It might be a digital world, but it’s still a book world too
It’s a digital world, and as we consume our media digitally, it’s easy to throw books into the mix, making the assumption that digital must be eroding book sales as well.
After all, DVDs and CDs have just about dried up, newspapers and magazines are on their knees, and TV is losing ground to both Youtube and Netflix. However, of all the traditional media, books have bucked the trend.
Here are some stats from 2019:
- Printed books are still going strong and continue to dominate the industry.
- Non-fiction is hugely popular right now, especially in printed formats.
- Fiction is more popular for digital downloads and e-readers.
- Audiobooks, especially in digital format, are the fastest-growing product in the publishing industry.
- Over 675 million books were printed last year
e-books have not had the impact on the market that many thought they would. The argument is that so many book readers spend their days in front of a computer, then glued to a smart phone, that a printed book becomes an escape.

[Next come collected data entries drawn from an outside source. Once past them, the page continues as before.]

text \<open>Iterating the successor from a worker who strictly prefers one stable matching to
  another eventually runs around a cycle, and that cycle is a preference cycle.\<close>

lemma pref_cycle_if_stable_under_differ:
  assumes stable: "stable_under uf uw A \<sigma>" and stable': "stable_under uf uw A \<sigma>'"
    and prefers: "wval uw w0 (\<sigma>' w0) < wval uw w0 (\<sigma> w0)"
  shows "\<exists>k fs ws. pref_cycle uf uw k fs ws"
proof -
  define X where "X = {w. wval uw w (\<sigma>' w) < wval uw w (\<sigma> w)}"
  have "\<forall>w\<in>X. \<exists>w' f. \<sigma> w = Some f \<and> \<sigma>' w' = Some f \<and> uf f w < uf f w' \<and> w' \<in> X"
  proof
    fix w assume "w \<in> X"
    then obtain f w' where "\<sigma> w = Some f" "\<sigma>' w' = Some f" "uf f w < uf f w'"
      "wval uw w' (\<sigma>' w') < wval uw w' (\<sigma> w')"
      using stable_under_preference_successor[OF stable stable', of w] unfolding X_def by blast
    then show "\<exists>w' f. \<sigma> w = Some f \<and> \<sigma>' w' = Some f \<and> uf f w < uf f w' \<and> w' \<in> X"
      unfolding X_def by blast
  qed
  from bchoice[OF this] obtain succ
    where succ: "\<forall>w\<in>X. \<exists>f. \<sigma> w = Some f \<and> \<sigma>' (succ w) = Some f
      \<and> uf f w < uf f (succ w) \<and> succ w \<in> X"
    by blast
  have "succ ` X \<subseteq> X"
    using succ by blast
  moreover have "w0 \<in> X"
    using prefers unfolding X_def by simp
  ultimately obtain x d where x: "x \<in> X" and d: "0 < d" "(succ ^^ d) x = x"
    and inj: "inj_on (\<lambda>t. (succ ^^ t) x) {0..<d}"
    by (rule funpow_cycle_in_finite_invariant[OF finite])
  define ws where "ws t = (succ ^^ t) x" for t
  define fs where "fs t = the (\<sigma>' (ws t))" for t
  have ws_in_X: "ws t \<in> X" for t
    unfolding ws_def by (induction t) (use x succ in auto)
  have step: "\<sigma>' (ws (Suc t)) = Some (fs (Suc t)) \<and> \<sigma> (ws t) = Some (fs (Suc t))
      \<and> uf (fs (Suc t)) (ws t) < uf (fs (Suc t)) (ws (Suc t))" for t
    using succ ws_in_X[of t] unfolding fs_def ws_def by auto
  have ws_mod: "ws (t mod d) = ws t" for t
    unfolding ws_def by (rule funpow_mod_eq[OF d(2)])
  have fs_mod: "fs (t mod d) = fs t" for t
    unfolding fs_def ws_mod ..
  have "Suc (t + d - 1) mod d = t mod d" for t
    using d by simp
  then have partner': "\<sigma>' (ws t) = Some (fs t)" for t
    using step[of "t + d - 1"] ws_mod fs_mod by metis
  have "pref_cycle uf uw d fs ws"
  proof (rule pref_cycle_if_periodic[where ws = ws and fs = fs, OF _ ws_mod fs_mod])
    show "2 \<le> d"
    proof (rule ccontr)
      assume "\<not> 2 \<le> d"
      then have "ws (Suc 0) = ws 0"
        using ws_mod[of 1] ws_mod[of 0] d by simp
      then show False
        using ws_in_X[of 0] step[of 0] partner'[of 0] unfolding X_def by simp
    qed
    show inj_ws: "inj_on ws {..<d}"
      using inj unfolding ws_def by (simp add: atLeast0LessThan)
    show "inj_on fs {..<d}"
    proof (rule inj_onI)
      fix a b assume "a \<in> {..<d}" "b \<in> {..<d}" "fs a = fs b"
      moreover have "ws a = ws b"
        using partner'[of a] partner'[of b] \<open>fs a = fs b\<close> stable_under_is_matching[OF stable']
        unfolding is_matching_def by auto
      ultimately show "a = b"
        using inj_ws by (simp add: inj_on_eq_iff)
    qed
    show "uf (fs (Suc t)) (ws t) < uf (fs (Suc t)) (ws (Suc t))" for t
      using step by blast
    show "uw (fs t) (ws t) < uw (fs (Suc t)) (ws t)" for t
      using ws_in_X[of t] step[of t] partner'[of t] unfolding X_def by simp
  qed
  then show ?thesis by blast
qed

lemma stable_under_unique_if_no_pref_cycle:
  assumes "no_pref_cycle uf uw" "stable_under uf uw A \<sigma>" "stable_under uf uw A \<sigma>'"
  shows "\<sigma> = \<sigma>'"
proof
  fix w
  show "\<sigma> w = \<sigma>' w"
  proof (rule ccontr)
    assume "\<sigma> w \<noteq> \<sigma>' w"
    then have "wval uw w (\<sigma>' w) \<noteq> wval uw w (\<sigma> w)"
      using wval_eq_iff by metis
    then have "wval uw w (\<sigma>' w) < wval uw w (\<sigma> w) \<or> wval uw w (\<sigma> w) < wval uw w (\<sigma>' w)"
      by linarith
    then obtain k fs ws where "pref_cycle uf uw k fs ws"
      using pref_cycle_if_stable_under_differ[OF assms(2,3)]
        pref_cycle_if_stable_under_differ[OF assms(3,2)] by blast
    with assms(1) show False
      unfolding no_pref_cycle_def by blast
  qed
qed

end

section \<open>The sequential preference condition\<close>

locale spc_market = market +
  fixes fo :: "nat \<Rightarrow> 'f::finite" and wo :: "nat \<Rightarrow> 'w::finite"
  assumes spc: "SPC_ordering uf uw fo wo"
begin

lemma fo_index: obtains k where "k < card (UNIV :: 'f set)" "fo k = f"
  using spc unfolding SPC_ordering_def bij_betw_def by (metis UNIV_I imageE lessThan_iff)

lemma wo_index: obtains k where "k < card (UNIV :: 'w set)" "wo k = w"
  using spc unfolding SPC_ordering_def bij_betw_def by (metis UNIV_I imageE lessThan_iff)

lemma fo_inj:
  "a < card (UNIV :: 'f set) \<Longrightarrow> b < card (UNIV :: 'f set) \<Longrightarrow> fo a = fo b \<Longrightarrow> a = b"
  using spc unfolding SPC_ordering_def bij_betw_def by (meson inj_onD lessThan_iff)

lemma wo_inj:
  "a < card (UNIV :: 'w set) \<Longrightarrow> b < card (UNIV :: 'w set) \<Longrightarrow> wo a = wo b \<Longrightarrow> a = b"
  using spc unfolding SPC_ordering_def bij_betw_def by (meson inj_onD lessThan_iff)

lemma fo_top:
  "i < min (card (UNIV :: 'f set)) (card (UNIV :: 'w set)) \<Longrightarrow> i \<le> j \<Longrightarrow> j < card (UNIV :: 'w set)
   \<Longrightarrow> uf (fo i) (wo j) \<le> uf (fo i) (wo i)"
  using spc unfolding SPC_ordering_def by blast

lemma wo_top:
  "i < min (card (UNIV :: 'f set)) (card (UNIV :: 'w set)) \<Longrightarrow> i \<le> j \<Longrightarrow> j < card (UNIV :: 'f set)
   \<Longrightarrow> uw (fo j) (wo i) \<le> uw (fo i) (wo i)"
  using spc unfolding SPC_ordering_def by blast

text \<open>Once the first \<open>i\<close> SPC pairs are matched, any other partner of \<open>wo i\<close> or of \<open>fo i\<close>
  comes from the sub-market in which the two are a top-top match.\<close>

lemma SPC_worker_prefers_partner:
  assumes matching: "is_matching \<sigma>" and prefix: "\<forall>j<i. \<sigma> (wo j) = Some (fo j)"
    and i: "i < min (card (UNIV :: 'f set)) (card (UNIV :: 'w set))" and unpaired: "\<sigma> (wo i) \<noteq> Some (fo i)"
  shows "wval uw (wo i) (\<sigma> (wo i)) < uw (fo i) (wo i)"
proof (cases "\<sigma> (wo i)")
  case None
  then show ?thesis using uw_pos by simp
next
  case (Some f)
  obtain k where k: "k < card (UNIV :: 'f set)" "fo k = f"
    by (rule fo_index)
  have "\<not> k < i"
  proof
    assume "k < i"
    then have "wo k = wo i"
      using matching prefix Some k unfolding is_matching_def by fastforce
    with \<open>k < i\<close> i show False
      using wo_inj[of k i] by simp
  qed
  with k i have "uw f (wo i) \<le> uw (fo i) (wo i)"
    using wo_top[of i k] by simp
  moreover have "f \<noteq> fo i"
    using unpaired Some by simp
  ultimately show ?thesis
    using Some uw_eq_iff by (simp add: order_le_less)
qed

Many see the shuttering of retail stores and make the assumption that books are dead, when the reality is that people buy their books online and let the courier deliver them to their door.
An article in CNBC reports that while millennials are sometimes blamed for killing industries, it’s actually younger people who appear to be popularizing print. Sixty-three percent of physical book sales in the U.K. are to people under the age of 44, while 52% of e-book sales are to those over 45, according to Nielsen.
It’s a similar picture in the U.S., where 75% of people aged 18 to 29 claimed to have read a physical book in 2017, higher than the average of 67%, according to Pew Research.
So if you’re thinking that the entire world has gone digital and that you may no longer to need to produce books as part of your mix, you are very wrong.